- Brief
Each line of the records below that holds "Mmat" should be copied out.

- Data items
(* Let $\mathbf{X}\in\mathbb{R}^{n\times p}$, $\mathbf{Y}\in\mathbb{R}^n$, let $\{1,\dots,p\}$ be partitioned into disjoint groups $\mathcal{G}_1,\dots,\mathcal{G}_K$, and fix $\widetilde\lambda_{\mathrm{init}}>0$. Define $$\mathbf{M}=\Big(\tfrac{\mathbf{X}^\top\mathbf{X}}{n}+\widetilde\lambda_{\mathrm{init}}\mathbf{I}\Big)^{-1}\tfrac{\mathbf{X}^\top\mathbf{X}}{n},\qquad \mathbf{N}=\tfrac{1}{\sqrt n}\Big(\tfrac{\mathbf{X}^\top\mathbf{X}}{n}+\widetilde\lambda_{\mathrm{init}}\mathbf{I}\Big)^{-1}\mathbf{X}^\top,\qquad \widetilde{\mathbf{w}}=\Big(\tfrac{\mathbf{X}^\top\mathbf{X}}{n}+\widetilde\lambda_{\mathrm{init}}\mathbf{I}\Big)^{-1}\tfrac{\mathbf{X}^\top\mathbf{Y}}{n},$$ the $K\times K$ matrix $\mathbf{A}$ with entries $A_{gh}=\|\mathbf{M}_{\mathcal{G}_g,\mathcal{G}_h}\|_F^2/n$, and vectors $\widehat{\mathbf u},\mathbf v\in\mathbb{R}^K$ with $\widehat u_g=\|\widetilde{\mathbf w}_{\mathcal{G}_g}\|_2^2$ and $v_g=\|\mathbf N_{\mathcal G_g,\cdot}\|_F^2/n$. For $\mathbb{s}>0$ let $$\widehat{\mathbf d}(\mathbb{s})=\operatorname{argmin}_{\mathbf d\in[0,\infty)^K}\Big\|\mathbf A\mathbf d-\frac{\widehat{\mathbf u}}{\mathbb{s}^2}+\mathbf v\Big\|_2^2,\qquad \widehat\lambda_g(\mathbb{s})=1/\widehat d_g(\mathbb{s})\in(0,\infty]$$ (with $1/0=\infty$). Assume $\mathbf A$ is invertible and $\widehat u_g>0$ for all $g$. Then: 1. If $\mathbb{s}^2\ge\max_g\{\widehat u_g/v_g\}$, then $\widehat\lambda_g(\mathbb{s})=\infty$ for all $g$, i.e. the group ridge estimator $\widehat{\mathbf w}(\widehat{\boldsymbol\lambda}(\mathbb{s}))=0$. 2. As $\mathbb{s}\to0$, $\min_g\widehat\lambda_g(\mathbb{s})\to0$. 3. If $\mathbb{s}_1,\mathbb{s}_2>0$ satisfy $\mathcal S(\mathbb{s}_1)=\mathcal S(\mathbb{s}_2)=:\mathcal S$, where $\mathcal S(\mathbb{s})=\{g:\widehat\lambda_g(\mathbb{s})<\infty\}$, then for every $g\in\mathcal S$, $$\widehat\lambda_g(\mathbb{s}_1)=\Big\{\frac{\mathbb{s}_2^2}{\mathbb{s}_1^2}\widehat\lambda_g(\mathbb{s}_2)^{-1}+\Big(\frac{\mathbb{s}_2^2}{\mathbb{s}_1^2}-1\Big)\tilde v_{\mathcal S,g}\Big\}^{-1},\qquad \tilde v_{\mathcal S,g}=\Big((\mathbf A_{\cdot,\mathcal S}^\top\mathbf A_{\cdot,\mathcal S})^{-1}\mathbf A_{\cdot,\mathcal S}^\top\mathbf v\Big)_g .$$
   Context: For a matrix $\mathbf B$, $\mathbf B_{\mathcal G_g,\mathcal G_h}$ denotes the submatrix with rows indexed by $\mathcal G_g$ and columns by $\mathcal G_h$, $\mathbf B_{\mathcal G_g,\cdot}$ the rows indexed by $\mathcal G_g$, and $\mathbf A_{\cdot,\mathcal S}$ the columns of $\mathbf A$ indexed by $\mathcal S$; $\mathbf w_{\mathcal G_g}=(w_j)_{j\in\mathcal G_g}$. The vector $(\mathbf A_{\cdot,\mathcal S}^\top\mathbf A_{\cdot,\mathcal S})^{-1}\mathbf A_{\cdot,\mathcal S}^\top\mathbf v$ is indexed by $\mathcal S$. For $\boldsymbol\lambda\in(0,\infty]^K$, the group ridge estimator is $\widehat{\mathbf w}(\boldsymbol\lambda)\in\operatorname{argmin}_{\mathbf w}\{\frac{1}{2n}\sum_i(Y_i-x_i^\top\mathbf w)^2+\sum_g\frac{\lambda_g}{2}\|\mathbf w_{\mathcal G_g}\|_2^2\}$, with $x_i^\top$ the rows of $\mathbf X$, where $\lambda_g=\infty$ forces $\mathbf w_{\mathcal G_g}=0$. *)

theory Defs
  imports "HOL-Analysis.Analysis" "HOL-Library.Extended_Real"
begin

text \<open>Data: X :: real^'p^'n (n rows, p columns), Y :: real^'n, n = CARD('n).
  Groups: G :: 'k \<Rightarrow> 'p set, a partition of the column index type 'p.\<close>

definition gram_reg :: "real^'p^'n \<Rightarrow> real \<Rightarrow> real^'p^'p" where
  "gram_reg X li = (1 / real CARD('n)) *\<^sub>R (transpose X ** X) + li *\<^sub>R mat 1"

definition Mmat :: "real^'p^'n \<Rightarrow> real \<Rightarrow> real^'p^'p" where
  "Mmat X li = matrix_inv (gram_reg X li) ** ((1 / real CARD('n)) *\<^sub>R (transpose X ** X))"

definition Nmat :: "real^'p^'n \<Rightarrow> real \<Rightarrow> real^'n^'p" where
  "Nmat X li = (1 / sqrt (real CARD('n))) *\<^sub>R (matrix_inv (gram_reg X li) ** transpose X)"

definition wtilde :: "real^'p^'n \<Rightarrow> real^'n \<Rightarrow> real \<Rightarrow> real^'p" where
  "wtilde X Y li = matrix_inv (gram_reg X li) *v ((1 / real CARD('n)) *\<^sub>R (transpose X *v Y))"

definition Amat :: "real^'p^'n \<Rightarrow> real \<Rightarrow> ('k \<Rightarrow> 'p set) \<Rightarrow> real^'k^'k" where
  "Amat X li G = (\<chi> g h. (\<Sum>i\<in>G g. \<Sum>j\<in>G h. (Mmat X li $ i $ j)\<^sup>2) / real CARD('n))"

definition uhat :: "real^'p^'n \<Rightarrow> real^'n \<Rightarrow> real \<Rightarrow> ('k \<Rightarrow> 'p set) \<Rightarrow> real^'k" where
  "uhat X Y li G = (\<chi> g. \<Sum>j\<in>G g. (wtilde X Y li $ j)\<^sup>2)"

definition vvec :: "real^'p^'n \<Rightarrow> real \<Rightarrow> ('k \<Rightarrow> 'p set) \<Rightarrow> real^'k" where
  "vvec X li G = (\<chi> g. (\<Sum>i\<in>G g. \<Sum>j\<in>UNIV. (Nmat X li $ i $ j)\<^sup>2) / real CARD('n))"

definition dobj :: "real^'k^'k \<Rightarrow> real^'k \<Rightarrow> real^'k \<Rightarrow> real \<Rightarrow> real^'k \<Rightarrow> real" where
  "dobj A u v s d = (norm (A *v d - (1 / s\<^sup>2) *\<^sub>R u + v))\<^sup>2"

definition is_dhat :: "real^'k^'k \<Rightarrow> real^'k \<Rightarrow> real^'k \<Rightarrow> real \<Rightarrow> real^'k \<Rightarrow> bool" where
  "is_dhat A u v s d \<longleftrightarrow> (\<forall>g. 0 \<le> d $ g) \<and>
     (\<forall>d'. (\<forall>g. 0 \<le> d' $ g) \<longrightarrow> dobj A u v s d \<le> dobj A u v s d')"

definition lam_of :: "real \<Rightarrow> ereal" where
  "lam_of d = (if d = 0 then \<infinity> else ereal (1 / d))"

text \<open>\<open>((A_{.,S}^T A_{.,S})^{-1} A_{.,S}^T v)\<close>, indexed by S (extended by 0 outside S):
  the unique solution supported on S of the normal equations
  \<open>A_{.,S}^T (A_{.,S} z_S - v) = 0\<close>.\<close>
definition ls_coef :: "real^'k^'k \<Rightarrow> 'k set \<Rightarrow> real^'k \<Rightarrow> real^'k" where
  "ls_coef A S v = (THE z. (\<forall>g. g \<notin> S \<longrightarrow> z $ g = 0) \<and>
      (\<forall>h\<in>S. (transpose A *v (A *v z - v)) $ h = 0))"

definition ridge_feasible :: "('k \<Rightarrow> 'p set) \<Rightarrow> ('k \<Rightarrow> ereal) \<Rightarrow> real^'p \<Rightarrow> bool" where
  "ridge_feasible G lam w \<longleftrightarrow> (\<forall>g. lam g = \<infinity> \<longrightarrow> (\<forall>j\<in>G g. w $ j = 0))"

definition ridge_obj :: "real^'p^'n \<Rightarrow> real^'n \<Rightarrow> ('k \<Rightarrow> 'p set) \<Rightarrow> ('k \<Rightarrow> ereal) \<Rightarrow> real^'p \<Rightarrow> real" where
  "ridge_obj X Y G lam w =
     (1 / (2 * real CARD('n))) * (\<Sum>i\<in>UNIV. (Y $ i - (X $ i) \<bullet> w)\<^sup>2)
     + (\<Sum>g\<in>{g. lam g \<noteq> \<infinity>}. real_of_ereal (lam g) / 2 * (\<Sum>j\<in>G g. (w $ j)\<^sup>2))"

definition is_group_ridge :: "real^'p^'n \<Rightarrow> real^'n \<Rightarrow> ('k \<Rightarrow> 'p set) \<Rightarrow> ('k \<Rightarrow> ereal) \<Rightarrow> real^'p \<Rightarrow> bool" where
  "is_group_ridge X Y G lam w \<longleftrightarrow> ridge_feasible G lam w \<and>
     (\<forall>w'. ridge_feasible G lam w' \<longrightarrow> ridge_obj X Y G lam w \<le> ridge_obj X Y G lam w')"

end

theory Submission
  imports Defs "HOL-Real_Asymp.Real_Asymp"
begin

- Your solution
definition Mmat :: "real^'p^'n \<Rightarrow> real \<Rightarrow> real^'p^'p" where
  "Mmat X li = matrix_inv (gram_reg X li) ** ((1 / real CARD('n)) *\<^sub>R (transpose X ** X))"
  "Amat X li G = (\<chi> g h. (\<Sum>i\<in>G g. \<Sum>j\<in>G h. (Mmat X li $ i $ j)\<^sup>2) / real CARD('n))"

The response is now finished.